In this study, the chlorophyll content decreased in the Brassica campestris species studied, which also caused reduced photosynthetic activity. These results resemble those of the study of Jiang et al. [33]. The possible mechanism underlying this phenomenon is that PTE application alters the normal structure of the catalytic enzymes of chlorophyll production and damages intercellular membranes [34]. A number of researchers have reported that PTEs combined with nucleic acids, proteins, and enzymes cause the inhibition of respiration, metabolism, photosynthetic activity, and cell division [35,36]. In this study, along with the maximum chlorophyll content and photosynthetic activity values, the maximum respiration rate was obtained for the control rather than the PTE-applied treatments. This was due to the PTE-induced toxicity in the latter treatments, which caused a mechanism that altered mineral nutrient uptake in the samples in these groups. PTE-induced toxicity has also been found to severely affect root morphology and growth, causing oxidative stress in vegetables by producing ROS, which damaged the antioxidant enzyme system, affecting the respiration and transpiration rates of the plants [37].

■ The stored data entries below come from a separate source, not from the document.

(* Let $\mathcal{X}\subseteq\mathbb{R}^d$ be closed and convex, let $h:\mathcal{X}\to\mathbb{R}$ be strictly convex and continuously differentiable, let $\mu>0$, and let $f:\mathcal{X}\to\mathbb{R}$ be continuously differentiable with a minimizer $x^\ast$ and $\mu$-uniformly convex with respect to $h$, i.e. $D_f(x,y)\ge\mu D_h(x,y)$ for all $x,y\in\mathcal{X}$. Let $\alpha,\beta:\mathbb{R}\to\mathbb{R}$ be smooth with $\beta$ nondecreasing and $\dot\beta_t\le e^{\alpha_t}$ for all $t$. Let $t\mapsto X_t\in\mathcal{X}$ be a differentiable curve such that $Z_t:=X_t+e^{-\alpha_t}\dot X_t\in\mathcal{X}$, $t\mapsto Z_t$ and $t\mapsto\nabla h(Z_t)$ are differentiable, and $$\frac{d}{dt}\nabla h(Z_t)=\dot\beta_t\nabla h(X_t)-\dot\beta_t\nabla h(Z_t)-\frac{e^{\alpha_t}}{\mu}\nabla f(X_t).$$ Then, for $x=x^\ast$, $$\frac{d}{dt}\Big\{e^{\beta_t}\mu D_h(x,Z_t)\Big\}\le-\frac{d}{dt}\Big\{e^{\beta_t}\big(f(X_t)-f(x)\big)\Big\};$$ if moreover $\dot\beta_t=e^{\alpha_t}$ for all $t$, the inequality holds for every $x\in\mathcal{X}$. Consequently $\mathcal{E}_t=e^{\beta_t}\big(\mu D_h(x,Z_t)+f(X_t)-f(x)\big)$ is nonincreasing in $t$ for $x=x^\ast$ (and for every $x\in\mathcal{X}$ when $\dot\beta_t=e^{\alpha_t}$).
   Context: For a differentiable function $g$, $D_g(y,x)=g(y)-g(x)-\langle\nabla g(x),y-x\rangle$ denotes its Bregman divergence. *)

theory Defs
  imports "HOL-Analysis.Analysis"
begin

definition bregman :: "('a::real_inner \<Rightarrow> real) \<Rightarrow> ('a \<Rightarrow> 'a) \<Rightarrow> 'a \<Rightarrow> 'a \<Rightarrow> real" where
  "bregman g dg y x = g y - g x - inner (dg x) (y - x)"

definition strictly_convex_on :: "'a::real_vector set \<Rightarrow> ('a \<Rightarrow> real) \<Rightarrow> bool" where
  "strictly_convex_on S f \<longleftrightarrow> convex S \<and>
    (\<forall>x\<in>S. \<forall>y\<in>S. \<forall>t. x \<noteq> y \<and> 0 < t \<and> t < 1 \<longrightarrow>
       f ((1 - t) *\<^sub>R x + t *\<^sub>R y) < (1 - t) * f x + t * f y)"

definition C1_gradient_on :: "'a::real_inner set \<Rightarrow> ('a \<Rightarrow> real) \<Rightarrow> ('a \<Rightarrow> 'a) \<Rightarrow> bool" where
  "C1_gradient_on S f df \<longleftrightarrow>
     (\<forall>x\<in>S. (f has_derivative (\<lambda>v. inner (df x) v)) (at x within S)) \<and> continuous_on S df"

definition smooth_real :: "(real \<Rightarrow> real) \<Rightarrow> bool" where
  "smooth_real g \<longleftrightarrow> (\<forall>n x. ((deriv ^^ n) g) differentiable (at x))"

end

theory Submission
  imports Defs
begin

text \<open>
  Write \<open>E\<^sub>t = e\<^bsup>\<beta>\<^sub>t\<^esup> (\<mu> D\<^sub>h(x, Z\<^sub>t) + f(X\<^sub>t) - f(x))\<close>. Since
  \<open>d/dt D\<^sub>h(x, Z\<^sub>t) = -\<langle>d/dt \<nabla>h(Z\<^sub>t), x - Z\<^sub>t\<rangle>\<close>, substituting the ODE, regrouping with the
  three-point identity of Bregman divergences and using \<open>dX\<^sub>t/dt = e\<^bsup>\<alpha>\<^sub>t\<^esup> (Z\<^sub>t - X\<^sub>t)\<close> gives
  \<open>e\<^bsup>-\<beta>\<^sub>t\<^esup> dE\<^sub>t/dt = (\<beta>'\<^sub>t - e\<^bsup>\<alpha>\<^sub>t\<^esup>)(\<mu> D\<^sub>h(x, X\<^sub>t) + f(X\<^sub>t) - f(x)) - \<beta>'\<^sub>t \<mu> D\<^sub>h(Z\<^sub>t, X\<^sub>t) - e\<^bsup>\<alpha>\<^sub>t\<^esup> (D\<^sub>f(x, X\<^sub>t) - \<mu> D\<^sub>h(x, X\<^sub>t))\<close>.
  The last two terms are nonpositive by convexity of \<open>h\<close> and uniform convexity of \<open>f\<close>; the first
  vanishes when \<open>\<beta>' = e\<^sup>\<alpha>\<close>, and is nonpositive for \<open>x = x\<^sup>*\<close> because \<open>\<beta>' \<le> e\<^sup>\<alpha>\<close>.
\<close>

lemma strictly_convex_on_imp_convex_on:
  assumes "strictly_convex_on S h"
  shows "convex_on S h"
proof (rule convex_onI)
  show "convex S" using assms by (simp add: strictly_convex_on_def)
  fix t :: real and x y assume t: "0 < t" "t < 1" and xy: "x \<in> S" "y \<in> S"
  show "h ((1 - t) *\<^sub>R x + t *\<^sub>R y) \<le> (1 - t) * h x + t * h y"
  proof (cases "x = y")
    case True
    then show ?thesis by (simp add: algebra_simps flip: scaleR_add_left)
  next
    case False
    then show ?thesis using assms t xy by (auto simp: strictly_convex_on_def intro: less_imp_le)
  qed
qed

lemma bregman_nonneg:
  assumes h: "convex_on S h" and dh: "(h has_derivative inner (gh x)) (at x within S)"
    and x: "x \<in> S" and y: "y \<in> S"
  shows "0 \<le> bregman h gh y x"
proof -
  define p where "p = (\<lambda>u::real. (1 - u) *\<^sub>R x + u *\<^sub>R y)"
  define g where "g = (\<lambda>u. h (p u))"
  have p_in: "p ` {0..1} \<subseteq> S"
    using convex_on_imp_convex[OF h] x y by (auto simp: p_def convex_alt)
  have "(p has_derivative (\<lambda>u. u *\<^sub>R (y - x))) (at 0 within {0..1})"
    unfolding p_def by (auto intro!: derivative_eq_intros simp: algebra_simps)
  moreover have "(h has_derivative inner (gh x)) (at (p 0) within p ` {0..1})"
    using dh p_in by (auto simp: p_def intro: has_derivative_subset)
  ultimately have "(g has_derivative (\<lambda>u. inner (gh x) (u *\<^sub>R (y - x)))) (at 0 within {0..1})"
    unfolding g_def using diff_chain_within by (fastforce simp: o_def)
  then have "(g has_field_derivative inner (gh x) (y - x)) (at 0 within {0..1})"
    by (simp add: has_field_derivative_def mult.commute[of _ "inner (gh x) (y - x)"])
  then have slope_lim: "((\<lambda>u. (g u - g 0) / (u - 0)) \<longlongrightarrow> inner (gh x) (y - x)) (at 0 within {0..1})"
    by (simp add: has_field_derivative_iff)
  have "eventually (\<lambda>u. (g u - g 0) / (u - 0) \<le> h y - h x) (at 0 within {0..1})"
    unfolding eventually_at_filter
  proof (rule always_eventually, intro allI impI)
    fix u :: real assume "u \<noteq> 0" "u \<in> {0..1}"
    then have u: "0 < u" "u \<le> 1" by auto
    then have "g u \<le> (1 - u) * h x + u * h y"
      using convex_onD[OF h] x y by (simp add: g_def p_def)
    then show "(g u - g 0) / (u - 0) \<le> h y - h x"
      using u by (simp add: g_def p_def divide_simps algebra_simps)
  qed
  moreover have "at (0::real) within {0..1} \<noteq> bot"
    by (simp add: at_within_Icc_at_right)
  ultimately have "inner (gh x) (y - x) \<le> h y - h x"
    using slope_lim tendsto_upperbound by blast
  then show ?thesis by (simp add: bregman_def)
qed

lemma bregman_three_point:
  "bregman h gh x z + bregman h gh z y - bregman h gh x y = inner (gh y - gh z) (x - z)"
  by (simp add: bregman_def inner_diff_left inner_diff_right algebra_simps)

lemma has_real_derivative_gradient_comp:
  assumes dg: "(g has_derivative inner (dg (Y t))) (at (Y t) within S)"
    and Y_in: "\<And>s. Y s \<in> S" and dY: "(Y has_vector_derivative Y') (at t)"
  shows "((\<lambda>s. g (Y s)) has_real_derivative inner (dg (Y t)) Y') (at t)"
proof -
  have "(g has_derivative inner (dg (Y t))) (at (Y t) within range Y)"
    using dg Y_in by (auto intro: has_derivative_subset)
  then have "((\<lambda>s. g (Y s)) has_derivative (\<lambda>u. inner (dg (Y t)) (u *\<^sub>R Y'))) (at t)"
    using diff_chain_within dY by (fastforce simp: has_vector_derivative_def o_def)
  then show ?thesis
    by (simp add: has_field_derivative_def mult.commute[of _ "inner (dg (Y t)) Y'"])
qed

4.3. Ni, Cd, and Pb Contents in Soil and Plant Tissues

In this study, the postharvest soil and plant tissue PTE concentrations showed significant differences compared to the controls. PTE uptake by plants depend on the concentration and solubility of the PTE present in soil. Predominantly, PTEs are transported from roots to shoots and then to leaves and edible parts through xylem vessels during transpiration flow. Further, PTEs are highly mobile naturally and can be translocated from the older to younger leaves of a plant [38].
In this study, metal concentrations in the roots, shoots, and seeds increased with exogenous PTE application (Figure 4, Figure 5, Figure 6 and Figure 7). However, PTE concentrations significantly decreased in the seeds, while the maximum PTE accumulations were in the roots and shoots, as indicated by the translocation and bioaccumulation factors (Table 3). A previous study on wheat seedlings also reported the accelerated translocation of PTEs to shoots when they were applied in excess [39]. Similar results were also reported by He et al. [40] for Mn uptake by Macleaya cordata and concluded that accumulation followed the trend leaf > root > stem, and transport efficiency decreased with the increase of Mn concentration.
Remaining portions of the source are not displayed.